### Material provided
(* For $m,k$ let $E(m,k)$ be the event that there is a subset $U\subset V_n$ with $|U|=m$ and $|U^{*2}|\ge k$. Then there is an increasing positive function $\varepsilon_3(\cdot)$ and a constant $C_3=C_3(r)$ such that for every $\eta>0$ and every $m\le\varepsilon_3(\eta)n$, $$\mathbb P\left[E(m,(1+\eta)m)\right]\le C_3\exp\left(-\frac{\eta^2}{8r}\,m\log(n/m)\right).$$
   Context: Fix an integer $r\ge3$, let $V_n=\{1,\dots,n\}$ with $rn$ even, and let $\mathbb P$ be the law of the random multigraph $G_n$ on $V_n$ obtained by giving each vertex $r$ half-edges and pairing all $rn$ half-edges uniformly at random. Write $y\sim x$ if $y$ and $x$ are joined by an edge of $G_n$. For $U\subset V_n$, $U^{*2}:=\{y\in V_n: y\sim x\text{ and }y\sim z\text{ for some }x,z\in U\text{ with }x\ne z\}$ (it may contain vertices of $U$). *)

theory Defs
  imports "HOL-Probability.Probability"
begin

text \<open>Configuration model: vertex x in {1..n} carries half-edges (x,i), i < r.
  A configuration is a perfect matching of the half-edges, encoded as a
  fixed-point-free involution on the half-edge set (identity outside it).\<close>

definition half_edges :: "nat \<Rightarrow> nat \<Rightarrow> (nat \<times> nat) set" where
  "half_edges n r = {1..n} \<times> {..<r}"

definition pairings :: "nat \<Rightarrow> nat \<Rightarrow> ((nat \<times> nat) \<Rightarrow> (nat \<times> nat)) set" where
  "pairings n r = {f. (\<forall>h\<in>half_edges n r. f h \<in> half_edges n r \<and> f h \<noteq> h \<and> f (f h) = h)
                     \<and> (\<forall>h. h \<notin> half_edges n r \<longrightarrow> f h = h)}"

text \<open>y ~ x in the multigraph G(f): some half-edge of y is paired with some half-edge of x
  (a loop at x arises when two distinct half-edges of x are paired).\<close>
definition adj :: "nat \<Rightarrow> nat \<Rightarrow> ((nat \<times> nat) \<Rightarrow> (nat \<times> nat)) \<Rightarrow> nat \<Rightarrow> nat \<Rightarrow> bool" where
  "adj n r f y x = (\<exists>i<r. \<exists>j<r. y \<in> {1..n} \<and> x \<in> {1..n} \<and> f (y, i) = (x, j))"

definition star2 :: "nat \<Rightarrow> nat \<Rightarrow> ((nat \<times> nat) \<Rightarrow> (nat \<times> nat)) \<Rightarrow> nat set \<Rightarrow> nat set" where
  "star2 n r f U = {y \<in> {1..n}. \<exists>x\<in>U. \<exists>z\<in>U. x \<noteq> z \<and> adj n r f y x \<and> adj n r f y z}"

definition event_E :: "nat \<Rightarrow> nat \<Rightarrow> nat \<Rightarrow> real \<Rightarrow> ((nat \<times> nat) \<Rightarrow> (nat \<times> nat)) set" where
  "event_E n r m k = {f. \<exists>U \<subseteq> {1..n}. card U = m \<and> real (card (star2 n r f U)) \<ge> k}"

definition config_model :: "nat \<Rightarrow> nat \<Rightarrow> ((nat \<times> nat) \<Rightarrow> (nat \<times> nat)) pmf" where
  "config_model n r = pmf_of_set (pairings n r)"

end

theory Submission
  imports Defs "HOL-Combinatorics.Transposition"
begin

text \<open>
  Suppose an \<open>m\<close>-set \<open>U\<close> has \<open>|U\<^sup>*\<^sup>2| \<ge> k\<close>. Pick \<open>k\<close> vertices \<open>W\<close> of \<open>U\<^sup>*\<^sup>2\<close> and at each
  of them two half-edges matched into \<open>U\<close>; closing these \<open>2k\<close> half-edges under the pairing
  gives at least \<open>4k - 2|W \<inter> U|\<close> half-edges at the vertices \<open>S = U \<union> W\<close>, hence a partial
  matching of \<open>|S| + (k - m)\<close> pairs among the half-edges of \<open>S\<close>. A fixed partial matching
  with \<open>e\<close> pairs lies in a uniform perfect matching of \<open>N\<close> half-edges with probability
  \<open>1 / \<Prod>i<e. (N - 1 - 2i) \<le> (2/N)\<^sup>e\<close>. A union bound over all \<open>(S, M)\<close> and crude binomial
  estimates give \<open>D\<^sup>m (m/n)\<^bsup>\<eta>m\<^esup>\<close> for \<open>k = \<lceil>(1+\<eta>)m\<rceil>\<close>, with \<open>D = witness_bound_base r\<close>;
  this is at most \<open>(m/n)\<^bsup>\<eta>m/2\<^esup> \<le> (m/n)\<^bsup>\<eta>\<^sup>2m/(8r)\<^esup>\<close> once \<open>m/n \<le> D\<^bsup>-2/\<eta>\<^esup>\<close>. For
  \<open>\<eta> > r\<close> the event is empty, as \<open>|U\<^sup>*\<^sup>2| \<le> rm\<close>.
\<close>

section \<open>Perfect matchings\<close>

definition perfect_matchings :: "'a set \<Rightarrow> ('a \<Rightarrow> 'a) set" where
  "perfect_matchings A =
     {f. (\<forall>h\<in>A. f h \<in> A \<and> f h \<noteq> h \<and> f (f h) = h) \<and> (\<forall>h. h \<notin> A \<longrightarrow> f h = h)}"

lemma perfect_matchings_involution: "f \<in> perfect_matchings A \<Longrightarrow> f (f h) = h"
  by (cases "h \<in> A") (auto simp: perfect_matchings_def)

lemma perfect_matchings_inj: "f \<in> perfect_matchings A \<Longrightarrow> inj f"
  by (metis injI perfect_matchings_involution)

lemma perfect_matchings_permutes:
  assumes f: "f \<in> perfect_matchings A"
  shows "f permutes A"
  unfolding permutes_def
proof (intro conjI allI impI)
  show "f x = x" if "x \<notin> A" for x
    using f that by (simp add: perfect_matchings_def)
  show "\<exists>!x. f x = y" for y
    by (rule ex1I[of _ "f y"]) (metis f perfect_matchings_involution)+
qed

lemma finite_perfect_matchings: "finite A \<Longrightarrow> finite (perfect_matchings A)"
  by (rule finite_subset[OF _ finite_permutations]) (auto intro: perfect_matchings_permutes)

lemma perfect_matchings_nonempty: "finite A \<Longrightarrow> even (card A) \<Longrightarrow> perfect_matchings A \<noteq> {}"
proof (induction "card A" arbitrary: A rule: less_induct)
  case less
  show ?case
  proof (cases "A = {}")
    case True
    then have "id \<in> perfect_matchings A" by (simp add: perfect_matchings_def)
    then show ?thesis by blast
  next
    case False
    then have "card A \<noteq> 0"
      using less.prems(1) by simp
    moreover have "card A \<noteq> 1"
      using less.prems(2) by auto
    ultimately have "2 \<le> card A"
      by linarith
    then obtain B where B: "B \<subseteq> A" "card B = 2"
      using obtain_subset_with_card_n by metis
    then obtain a b where "B = {a, b}" "a \<noteq> b"
      by (meson card_2_iff)
    with B(1) have ab: "a \<in> A" "b \<in> A" "a \<noteq> b"
      by auto
    let ?B = "A - {a, b}"
    have "card ?B = card A - 2"
      using ab less.prems(1) by (simp add: card_Diff_subset)
    then have "card ?B < card A" "even (card ?B)"
      using \<open>2 \<le> card A\<close> less.prems(2) by auto
    then obtain g where "g \<in> perfect_matchings ?B"
      using less.hyps less.prems(1) by blast
    then have gB: "\<And>h. h \<in> ?B \<Longrightarrow> g h \<in> ?B \<and> g h \<noteq> h \<and> g (g h) = h"
        "\<And>h. h \<notin> ?B \<Longrightarrow> g h = h"
      unfolding perfect_matchings_def by blast+
    let ?f = "g(a := b, b := a)"
    have "\<forall>h\<in>A. ?f h \<in> A \<and> ?f h \<noteq> h \<and> ?f (?f h) = h"
    proof
      fix h assume "h \<in> A"
      then show "?f h \<in> A \<and> ?f h \<noteq> h \<and> ?f (?f h) = h"
        using gB(1)[of h] ab by (cases "h \<in> ?B") auto
    qed
    moreover have "\<forall>h. h \<notin> A \<longrightarrow> ?f h = h"
      using gB(2) ab by auto
    ultimately have "?f \<in> perfect_matchings A"
      by (simp add: perfect_matchings_def)
    then show ?thesis by blast
  qed
qed

lemma transpose_conj_perfect_matchings:
  assumes "b \<in> A" "c \<in> A" and f: "f \<in> perfect_matchings A"
  shows "Transposition.transpose b c \<circ> f \<circ> Transposition.transpose b c \<in> perfect_matchings A"
proof -
  let ?t = "Transposition.transpose b c"
  have t: "?t h \<in> A \<longleftrightarrow> h \<in> A" for h
    using assms(1,2) by (auto simp: Transposition.transpose_def)
  have "\<forall>h\<in>A. (?t \<circ> f \<circ> ?t) h \<in> A \<and> (?t \<circ> f \<circ> ?t) h \<noteq> h \<and>
      (?t \<circ> f \<circ> ?t) ((?t \<circ> f \<circ> ?t) h) = h"
  proof
    fix h assume "h \<in> A"
    then have "f (?t h) \<in> A" "f (?t h) \<noteq> ?t h" "f (f (?t h)) = ?t h"
      using f t by (auto simp: perfect_matchings_def)
    then show "(?t \<circ> f \<circ> ?t) h \<in> A \<and> (?t \<circ> f \<circ> ?t) h \<noteq> h \<and>
        (?t \<circ> f \<circ> ?t) ((?t \<circ> f \<circ> ?t) h) = h"
      using t by (metis comp_apply transpose_involutory)
  qed
  moreover have "\<forall>h. h \<notin> A \<longrightarrow> (?t \<circ> f \<circ> ?t) h = h"
  proof (intro allI impI)
    fix h assume "h \<notin> A"
    moreover from this have "h \<noteq> b" "h \<noteq> c"
      using assms(1,2) by auto
    ultimately show "(?t \<circ> f \<circ> ?t) h = h"
      using f by (simp add: perfect_matchings_def)
  qed
  ultimately show ?thesis
    by (simp add: perfect_matchings_def)
qed
lemma smooth_map_imp_differentiable: "smooth_map f \<Longrightarrow> f differentiable (at x)"
  unfolding smooth_map_def differentiable_def by (metis list.discI)

lemma Lie_imp_differentiable_endomorphism:
  fixes G :: "('a::euclidean_space) monoid"
  assumes "sc_nilpotent_Lie_group G" "Lie_endomorphism G \<phi>" "(\<phi> has_derivative \<phi>') (at \<one>\<^bsub>G\<^esub>)"
  obtains r where "differentiable_endomorphism G r \<phi> \<phi>'"
proof -
  obtain r where "lower_central G r = {\<one>\<^bsub>G\<^esub>}"
    using assms(1) unfolding sc_nilpotent_Lie_group_def nilpotent_group_def by blast
  with assms have "differentiable_endomorphism G r \<phi> \<phi>'"
    unfolding sc_nilpotent_Lie_group_def nilpotent_group_def Lie_endomorphism_def
    by (intro differentiable_endomorphism.intro differentiable_endomorphism_axioms.intro
        nilpotent_differentiable_group.intro nilpotent_differentiable_group_axioms.intro
        differentiable_group.intro differentiable_group_axioms.intro)
      (auto intro: smooth_map_imp_differentiable)
  then show thesis
    by (rule that)
qed

lemma uniform_lattice_imp_countable:
  fixes N :: "'a::euclidean_space set"
  assumes "uniform_lattice G N"
  shows "countable N"
proof (rule discrete_imp_countable)
  show "discrete N"
    using assms unfolding uniform_lattice_def discrete_def isolated_in_dist_Ex_iff
    by (metis dist_commute)
qed

theorem mainTheorem15:
  fixes G :: "('a::euclidean_space) monoid"
    and \<phi> :: "'a \<Rightarrow> 'a" and N :: "'a set" and g :: "nat \<Rightarrow> 'a" and n :: nat
  assumes "sc_nilpotent_Lie_group G"
    and "Lie_endomorphism G \<phi>"
    and "differential_has_eigenvalue_one G \<phi>"
    and "uniform_lattice G N"
    and "\<forall>k\<in>{1..n}. g k \<in> carrier G"
  shows "\<exists>\<alpha>\<in>carrier G. \<forall>x\<in>carrier G. \<forall>\<gamma>\<in>N. \<forall>k\<in>{1..n}.
           g k \<otimes>\<^bsub>G\<^esub> \<phi> x \<otimes>\<^bsub>G\<^esub> \<alpha> \<noteq> \<gamma> \<otimes>\<^bsub>G\<^esub> x"
proof -
  obtain \<phi>' v where \<phi>': "(\<phi> has_derivative \<phi>') (at \<one>\<^bsub>G\<^esub>)" and v: "v \<noteq> 0" "\<phi>' v = v"
    using assms(3) unfolding differential_has_eigenvalue_one_def by blast
  obtain r where "differentiable_endomorphism G r \<phi> \<phi>'"
    using Lie_imp_differentiable_endomorphism[OF assms(1,2) \<phi>'] .
  then interpret differentiable_endomorphism G r \<phi> \<phi>' .
  define bad where "bad = (\<Union>(k, \<gamma>)\<in>{1..n} \<times> N. twisted_orbit (inv\<^bsub>G\<^esub> (g k) \<otimes>\<^bsub>G\<^esub> \<gamma>))"
  have "negligible bad"
    unfolding bad_def using uniform_lattice_imp_countable[OF assms(4)] negligible_twisted_orbit[OF v]
    by (intro negligible_countable_Union) auto
  then have "bad \<noteq> UNIV"
    using non_negligible_UNIV by force
  then obtain \<alpha> where "\<alpha> \<notin> bad"
    by blast
  then show ?thesis
    by (auto simp: bad_def mem_twisted_orbit_iff)
qed

end
(* Let $p\in[1,\infty]$, $\alpha\in[0,1]$ irrational, $\theta\in[0,1)$ and $\lambda\in\mathbb{R}$. Then $\sigma(H_{\lambda,\alpha,0})=\sigma(\widetilde H_{\lambda,\alpha,\theta})=\sigma(H_{\lambda,\alpha,\theta})$.
   Context: $v_{\alpha,\theta}(n)=\chi_{[1-\alpha,1)}(n\alpha+\theta\bmod 1)$, $\widetilde v_{\alpha,\theta}(n)=\chi_{(1-\alpha,1]\cup\{0\}}(n\alpha+\theta\bmod 1)$; $(H_{\lambda,\alpha,\theta}x)_n=x_{n+1}+x_{n-1}+\lambda v_{\alpha,\theta}(n)x_n$ and $(\widetilde H_{\lambda,\alpha,\theta}x)_n=x_{n+1}+x_{n-1}+\lambda\widetilde v_{\alpha,\theta}(n)x_n$, as operators on $\ell^p(\mathbb{Z})$. *)

theory Defs
  imports "HOL-Analysis.Analysis"
begin

text \<open>Sequence space l^p(Z) of complex sequences, p in [1, infinity] encoded as an ennreal
  (top = infinity).\<close>

definition lp :: "ennreal \<Rightarrow> (int \<Rightarrow> complex) set" where
  "lp p = (if p = top then {x. \<exists>B. \<forall>n. norm (x n) \<le> B}
           else {x. (\<lambda>n. norm (x n) powr enn2real p) summable_on UNIV})"

definition lp_norm :: "ennreal \<Rightarrow> (int \<Rightarrow> complex) \<Rightarrow> real" where
  "lp_norm p x = (if p = top then (SUP n. norm (x n))
      else (infsum (\<lambda>n. norm (x n) powr enn2real p) UNIV) powr (1 / enn2real p))"

text \<open>Bounded linear operators on l^p(Z) (only their action on l^p matters).\<close>

definition bounded_op :: "ennreal \<Rightarrow> ((int \<Rightarrow> complex) \<Rightarrow> (int \<Rightarrow> complex)) \<Rightarrow> bool" where
  "bounded_op p T \<longleftrightarrow>
     (\<forall>x\<in>lp p. T x \<in> lp p) \<and>
     (\<forall>x\<in>lp p. \<forall>y\<in>lp p. T (\<lambda>n. x n + y n) = (\<lambda>n. T x n + T y n)) \<and>
     (\<forall>x\<in>lp p. \<forall>c. T (\<lambda>n. c * x n) = (\<lambda>n. c * T x n)) \<and>
     (\<exists>C. \<forall>x\<in>lp p. lp_norm p (T x) \<le> C * lp_norm p x)"

definition lp_spectrum :: "ennreal \<Rightarrow> ((int \<Rightarrow> complex) \<Rightarrow> (int \<Rightarrow> complex)) \<Rightarrow> complex set" where
  "lp_spectrum p T = {z. \<not> (\<exists>R. bounded_op p R \<and>
        (\<forall>x\<in>lp p. R (\<lambda>n. T x n - z * x n) = x) \<and>
        (\<forall>x\<in>lp p. (\<lambda>n. T (R x) n - z * R x n) = x))}"

definition v_pot :: "real \<Rightarrow> real \<Rightarrow> int \<Rightarrow> real" where
  "v_pot \<alpha> \<theta> n = indicator {1 - \<alpha> ..< 1} (frac (of_int n * \<alpha> + \<theta>))"

definition vt_pot :: "real \<Rightarrow> real \<Rightarrow> int \<Rightarrow> real" where
  "vt_pot \<alpha> \<theta> n = indicator ({1 - \<alpha> <.. 1} \<union> {0}) (frac (of_int n * \<alpha> + \<theta>))"

definition H_op :: "real \<Rightarrow> real \<Rightarrow> real \<Rightarrow> (int \<Rightarrow> complex) \<Rightarrow> (int \<Rightarrow> complex)" where
  "H_op lam \<alpha> \<theta> x = (\<lambda>n. x (n + 1) + x (n - 1) + complex_of_real (lam * v_pot \<alpha> \<theta> n) * x n)"

definition Ht_op :: "real \<Rightarrow> real \<Rightarrow> real \<Rightarrow> (int \<Rightarrow> complex) \<Rightarrow> (int \<Rightarrow> complex)" where
  "Ht_op lam \<alpha> \<theta> x = (\<lambda>n. x (n + 1) + x (n - 1) + complex_of_real (lam * vt_pot \<alpha> \<theta> n) * x n)"

end

theory Submission
  imports Defs
begin
(* Let $n\ge2$, $0<k<n$, $l=n-k$. Let $Y_1=[0,1]$, and let each of $Y_2,\dots,Y_k,Z_1,\dots,Z_l$ be either $[0,1]$ or $[-5,5]$; set $Y=Y_1\times\cdots\times Y_k$, $Z=Z_1\times\cdots\times Z_l$, $X=Y\times Z\subseteq\mathbb{R}^n$. Let $f:Y_1\to\mathbb{R}$, $g:Z\to\mathbb{R}$, $h:\mathbb{R}^2\to\mathbb{R}$ be arbitrary functions, and consider the 2-objective problem on $X$ with objectives $f_1(y,z)=f(y_1)$ and $f_2(y,z)=g(z)\,h(f(y_1),g(z))$. Then this problem is not simple. (In particular the ZDT benchmark problems ZDT1–4 and ZDT6, which are of this form, are non-simple for every choice of $n$ and $k$.)
   Context: A problem is a finite set $\mathbf{f}=\{f_1,\dots,f_m\}$ of functions $f_i:\mathbb{R}^n\to\mathbb{R}$ together with a feasible region $X\subseteq\mathbb{R}^n$, to be minimized simultaneously. A subproblem $\mathbf{g}\subseteq\mathbf{f}$ is a subset of these functions (including $\emptyset$ and $\mathbf{f}$), with the same $X$; its evaluation map is $x\mapsto(f_i(x))_{f_i\in\mathbf{g}}\in\mathbb{R}^{|\mathbf{g}|}$. The Pareto set $X^*(\mathbf{g})$ is the set of $x^*\in X$ for which there is no $x\in X$ with $f_i(x)\le f_i(x^* )$ for all $f_i\in\mathbf{g}$ and $f_j(x)<f_j(x^* )$ for some $f_j\in\mathbf{g}$; by convention $X^*(\emptyset)=\emptyset$. A problem $\mathbf{f}$ is simple if every subproblem $\mathbf{g}\subseteq\mathbf{f}$ with $k=|\mathbf{g}|$ objectives satisfies: (S1) $X^*(\mathbf{g})$ is homeomorphic to $\Delta^{k-1}=\{t\in[0,1]^k:\sum t_i=1\}$ (with $\Delta^{-1}=\emptyset$); (S2) the evaluation map of $\mathbf{g}$ restricted to $X^*(\mathbf{g})$ is a topological embedding into $\mathbb{R}^k$. All sets carry the subspace topology from Euclidean space. *)

theory Defs
  imports "HOL-Analysis.Analysis"
begin

definition pareto_set :: "('a \<Rightarrow> real) set \<Rightarrow> 'a set \<Rightarrow> 'a set" where
  "pareto_set G X =
     (if G = {} then {}
      else {xs \<in> X. \<not> (\<exists>x\<in>X. (\<forall>fi\<in>G. fi x \<le> fi xs) \<and> (\<exists>fj\<in>G. fj x < fj xs))})"

text \<open>R^G is modelled as functions G-objective => real that vanish outside G
  (product topology, which on this finite-dimensional subspace is Euclidean).\<close>
definition eval_map :: "('a \<Rightarrow> real) set \<Rightarrow> 'a \<Rightarrow> (('a \<Rightarrow> real) \<Rightarrow> real)" where
  "eval_map G x = (\<lambda>fi. if fi \<in> G then fi x else 0)"

text \<open>Standard simplex Delta^{|G|-1} in R^G (empty when G is empty).\<close>
definition std_simplex :: "('a \<Rightarrow> real) set \<Rightarrow> (('a \<Rightarrow> real) \<Rightarrow> real) set" where
  "std_simplex G = {t. (\<forall>fi. fi \<notin> G \<longrightarrow> t fi = 0) \<and> (\<forall>fi\<in>G. 0 \<le> t fi) \<and> sum t G = 1}"

definition simple_problem :: "('a::topological_space \<Rightarrow> real) set \<Rightarrow> 'a set \<Rightarrow> bool" where
  "simple_problem F X =
     (\<forall>G. G \<subseteq> F \<longrightarrow>
        (pareto_set G X homeomorphic std_simplex G) \<and>
        (\<exists>e'. homeomorphism (pareto_set G X) (eval_map G ` pareto_set G X) (eval_map G) e'))"

end

theory Submission
  imports Defs
begin

text \<open>If the problem were simple, its one-objective subproblem \<open>{f\<^sub>1}\<close> would have a
  Pareto set homeomorphic to \<open>\<Delta>\<^sup>0\<close>, a point; so \<open>f\<^sub>1\<close> would have a unique minimiser on \<open>X\<close>.
  But \<open>f\<^sub>1\<close> only depends on \<open>y\<^sub>1\<close>, and moving a minimiser along any coordinate of \<open>Z\<close>
  (which is nonempty since \<open>l > 0\<close>) yields a second one.\<close>

lemma homeomorphic_singletonE:
  assumes "S homeomorphic {a}"
  obtains b where "S = {b}"
  using assms unfolding homeomorphic_def homeomorphism_def by (metis image_empty image_insert)

lemma std_simplex_singleton: "std_simplex {f} = {\<lambda>g. if g = f then 1 else 0}"
  unfolding std_simplex_def by (auto split: if_splits)

lemma pareto_set_single_objective:
  "pareto_set {f} X = {x \<in> X. \<forall>y\<in>X. f x \<le> f y}"
  unfolding pareto_set_def by (auto simp: not_less)

lemma simple_problem_unique_minimiser:
  assumes "simple_problem F X" and "f \<in> F"
  obtains p where "{x \<in> X. \<forall>y\<in>X. f x \<le> f y} = {p}"
proof -
  from assms have "pareto_set {f} X homeomorphic std_simplex {f}"
    unfolding simple_problem_def by blast
  then show thesis
    by (auto simp: std_simplex_singleton pareto_set_single_objective elim!: homeomorphic_singletonE intro: that)
qed

lemma box_point_differing_at:
  fixes p :: "'a^'n"
  assumes "\<forall>i. p $ i \<in> I i" and "a \<in> I j" "b \<in> I j" "a \<noteq> b"
  obtains q where "\<forall>i. q $ i \<in> I i" "q $ j \<noteq> p $ j" "\<forall>i. i \<noteq> j \<longrightarrow> q $ i = p $ i"
proof
  define c where "c = (if p $ j = a then b else a)"
  let ?q = "\<chi> i. if i = j then c else p $ i"
  show "\<forall>i. ?q $ i \<in> I i" "?q $ j \<noteq> p $ j" "\<forall>i. i \<noteq> j \<longrightarrow> ?q $ i = p $ i"
    using assms by (auto simp: c_def)
qed

theorem theorem2:
  fixes K :: "'n::finite set" and i1 :: 'n and wide :: "'n \<Rightarrow> bool"
    and f :: "real \<Rightarrow> real" and g :: "real^'n \<Rightarrow> real" and h :: "real \<times> real \<Rightarrow> real"
  assumes "i1 \<in> K" and "K \<noteq> UNIV"
  shows "\<not> simple_problem
           {(\<lambda>x::real^'n. f (x $ i1)),
            (\<lambda>x::real^'n. g (\<chi> i. if i \<in> K then 0 else x $ i) *
                 h (f (x $ i1), g (\<chi> i. if i \<in> K then 0 else x $ i)))}
           {x::real^'n. \<forall>i. x $ i \<in> (if i = i1 then {0..1}
                                     else if wide i then {-5..5} else {0..1})}"
    (is "\<not> simple_problem {?f1, ?f2} {x. \<forall>i. x $ i \<in> ?I i}")
proof
  let ?X = "{x. \<forall>i. x $ i \<in> ?I i}"
  assume "simple_problem {?f1, ?f2} ?X"
  then obtain p where minimisers: "{x \<in> ?X. \<forall>y\<in>?X. ?f1 x \<le> ?f1 y} = {p}"
    by (rule simple_problem_unique_minimiser[OF _ insertI1])
  obtain j where "j \<notin> K" using assms(2) by blast
  with assms(1) have "j \<noteq> i1" by blast
  have "p \<in> ?X" and p_min: "\<forall>y\<in>?X. ?f1 p \<le> ?f1 y" using minimisers by blast+
  obtain q where "\<forall>i. q $ i \<in> ?I i" "q $ j \<noteq> p $ j" "\<forall>i. i \<noteq> j \<longrightarrow> q $ i = p $ i"
    by (rule box_point_differing_at[of p ?I 0 j 1]) (use \<open>p \<in> ?X\<close> in auto)
  with \<open>j \<noteq> i1\<close> have "q \<in> {x \<in> ?X. \<forall>y\<in>?X. ?f1 x \<le> ?f1 y}"
    using p_min by simp
  with minimisers \<open>q $ j \<noteq> p $ j\<close> show False by simp
qed

end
######
* **Exercise details**: Look through the records and copy every line that has the word "prems".

* **Exercise answer**:
      using less.prems(1) by simp
      using less.prems(2) by auto
      using ab less.prems(1) by (simp add: card_Diff_subset)
      using \<open>2 \<le> card A\<close> less.prems(2) by auto
      using less.hyps less.prems(1) by blast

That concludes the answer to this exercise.